Built-in functions such as bind, call and apply doesn't work in arrow functions:

const obj1 = {};

const func1 = () => {
    console.log(this);
}

func1();
func1.bind(obj1)(); // bind returns a function
func1.call(obj1);
func1.apply(obj1);

// Window
// Window
// Window
// Window

Arrow functions are powerful addition to the language but they are not silver bullets. In my day to day work, I constantly find places where arrow functions are not usable and it can get very frustrating if you don't know how they work.

In my opinion, arrow functions are the best choice when working with callbacks, but not a good choice when working with class/object methods or constructors.

Execution Stack

I hope after all that I've explained so far, you now understand what execution context is and how it gets the value of this, variables and functions during memory creation phase.
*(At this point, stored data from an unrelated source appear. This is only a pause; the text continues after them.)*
(* Let $A\in s(3)$. Then $A$ is indivisible in $s(3)$ if and only if there exist $3\times3$ permutation matrices $P,Q$ such that $$P\operatorname{sgn}(A)Q=\begin{pmatrix}0&1&1\\1&0&1\\1&1&0\end{pmatrix}.$$
   Context: $s(3)$ denotes the set of $3\times 3$ real matrices with non-negative entries whose columns each sum to $1$, a monoid under matrix multiplication whose group of units is the set of permutation matrices. $\operatorname{sgn}$ is applied entrywise ($\operatorname{sgn}(x)=1$ for $x>0$, $\operatorname{sgn}(0)=0$). $A\in s(3)$ is indivisible if for every decomposition $A=BC$ with $B,C\in s(3)$ exactly one of $B,C$ is a permutation matrix. *)

theory Defs
  imports "HOL-Analysis.Analysis"
begin

text \<open>Column-stochastic 3x3 real matrices: non-negative entries, each column sums to 1.
  Entry (i,j) of a matrix M :: real^3^3 is M $ i $ j (row i, column j).\<close>
definition s3 :: "(real^3^3) set" where
  "s3 = {M. (\<forall>i j. M $ i $ j \<ge> 0) \<and> (\<forall>j. (\<Sum>i\<in>UNIV. M $ i $ j) = 1)}"

definition perm_mat :: "real^3^3 \<Rightarrow> bool" where
  "perm_mat P \<longleftrightarrow> (\<exists>p. p permutes (UNIV :: 3 set) \<and>
      P = (\<chi> i j. if i = p j then 1 else 0))"

definition sgn_mat :: "real^3^3 \<Rightarrow> real^3^3" where
  "sgn_mat A = (\<chi> i j. sgn (A $ i $ j))"

definition indivisible :: "real^3^3 \<Rightarrow> bool" where
  "indivisible A \<longleftrightarrow> (\<forall>B\<in>s3. \<forall>C\<in>s3. A = B ** C \<longrightarrow>
      ((perm_mat B \<and> \<not> perm_mat C) \<or> (\<not> perm_mat B \<and> perm_mat C)))"

definition J0 :: "real^3^3" where
  "J0 = (\<chi> i j. if i = j then 0 else 1)"

end

theory Submission
  imports Defs
begin

text \<open>Only the zero pattern of a stochastic matrix matters. The support of a product
  B C of non-negative matrices is the Boolean product of the supports, and a stochastic matrix
  is a permutation matrix iff its support is a permutation pattern; so if the zero pattern of
  A is a permutation pattern, indivisibility reduces to a finite check on 3 by 3 Boolean
  matrices. Conversely, an indivisible A is not a permutation matrix, and no column support
  of A contains another: if the support of column k lies in that of column j, then for small
  e > 0 we have A = B C, where C is the identity with column j replaced by (1 - e) e_j + e e_k
  and B is A with column j replaced by (A_j - e A_k) / (1 - e). B has the support of A and
  column j of C has two positive entries, so neither factor is a permutation matrix.
  Pairwise incomparable non-empty subsets of a 3-element set that do not form a permutation
  pattern are the three 2-subsets, so the zero pattern of A is a permutation pattern, which
  is what P sgn(A) Q = J0 says.\<close>

lemma exists_3: "(\<exists>i::3. P i) \<longleftrightarrow> P 1 \<or> P 2 \<or> P 3"
  by (metis exhaust_3)

lemma distinct_3:
  "(1::3) \<noteq> 2" "(1::3) \<noteq> 3" "(2::3) \<noteq> 3" "(2::3) \<noteq> 1" "(3::3) \<noteq> 1" "(3::3) \<noteq> 2"
  by simp_all

lemma ex1_3: "(\<exists>!i::3. P i) \<longleftrightarrow>
    (P 1 \<and> \<not> P 2 \<and> \<not> P 3) \<or> (\<not> P 1 \<and> P 2 \<and> \<not> P 3) \<or> (\<not> P 1 \<and> \<not> P 2 \<and> P 3)"
  by (metis distinct_3(4-6) exhaust_3)

definition perm_pattern :: "('a \<Rightarrow> 'a \<Rightarrow> bool) \<Rightarrow> bool" where
  "perm_pattern X \<longleftrightarrow> (\<exists>p. p permutes UNIV \<and> (\<forall>i j. X i j \<longleftrightarrow> i = p j))"

lemma perm_pattern_iff_ex1:
  "perm_pattern X \<longleftrightarrow> (\<forall>j. \<exists>!i. X i j) \<and> (\<forall>i. \<exists>!j. X i j)"
proof
  assume "perm_pattern X"
  then obtain p where p: "p permutes UNIV" "\<forall>i j. X i j \<longleftrightarrow> i = p j"
    unfolding perm_pattern_def by blast
  show "(\<forall>j. \<exists>!i. X i j) \<and> (\<forall>i. \<exists>!j. X i j)"
    using p permutes_univ by metis
next
  assume X: "(\<forall>j. \<exists>!i. X i j) \<and> (\<forall>i. \<exists>!j. X i j)"
  define p where "p j = (THE i. X i j)" for j
  have p: "X i j \<longleftrightarrow> i = p j" for i j
    using X unfolding p_def by (metis theI')
  have "bij p"
    using X unfolding p bij_iff by metis
  then show "perm_pattern X"
    unfolding perm_pattern_def using p bij_imp_permutes by blast
qed

lemma perm_pattern_comp_compl_xor:
  fixes X Y :: "3 \<Rightarrow> 3 \<Rightarrow> bool"
  assumes "\<forall>k. \<exists>i. X i k" "\<forall>j. \<exists>k. Y k j"
    and "perm_pattern (\<lambda>i j. \<not> (\<exists>k. X i k \<and> Y k j))"
  shows "perm_pattern X \<longleftrightarrow> \<not> perm_pattern Y"
  using assms unfolding perm_pattern_iff_ex1 ex1_3 exists_3 forall_3
  by satx

lemma perm_pattern_compl_if_incomparable_columns:
  fixes X :: "3 \<Rightarrow> 3 \<Rightarrow> bool"
  assumes "\<forall>j. \<exists>i. X i j" "\<not> perm_pattern X"
    and "\<forall>j k. j \<noteq> k \<longrightarrow> \<not> (\<forall>i. X i k \<longrightarrow> X i j)"
  shows "perm_pattern (\<lambda>i j. \<not> X i j)"
  using assms unfolding perm_pattern_iff_ex1 ex1_3 exists_3 forall_3
  by (simp only: distinct_3 simp_thms) satx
You should also know that the global execution context gets created automatically and there can be only one global execution context.

And functional execution contexts are created whenever a function is invoked. So rule of thumb is:

  • function call = new execution context

Now assume that you have two function calls in your code. You will have three execution contexts in total, including the global execution context. To see how they all work in harmony, let me take you deeper into the rabbit hole, the execution stack:

The Execution Stack

Like any other stack in programming world it uses LIFO method. So whenever a new execution context is created, it gets placed on top of the previous context. This way the last created execution context is always on the top and the global stack is at the end. Execution stack exists for the JavaScript engine to keep track of the order of execution.

The important thing to know here is that, the JavaScript engine can only be executing within a single context.

When you run the code, it starts off from the global execution context. When a function func1 is called, it goes into the execution context of func1(), and everything that’s happening in the global context is paused, until the JavaScript engine exits the context func1(). If it encounters another execution func2 before finishing the current, another context func2() is created. The JavaScript engine pauses whatever that’s happening in the context func1() and goes inside func2(). As soon as the engine finishes executing the code there, the context func2() is removed from the top of the stack. Only then, does the engine go back to where it left off in the previous context func1(), and resumes its execution. This cycle is repeated until the last line of code is executed in the global execution context.

This is why JavaScript is described as single-threaded, as only one thing can be processed at any given time, and multiple events have to happen in order, one after another.

Conclusion

Among all the complicated concepts in JavaScript, execution context is one of the hardest to explain. I had to go through a lot of articles online before I could write my own. I have tried to make things as clear as I could but if you still have confusions, reach out to me by writing in the comments section.

I hope you'll be a bit more confident when dealing with the value of this from now on.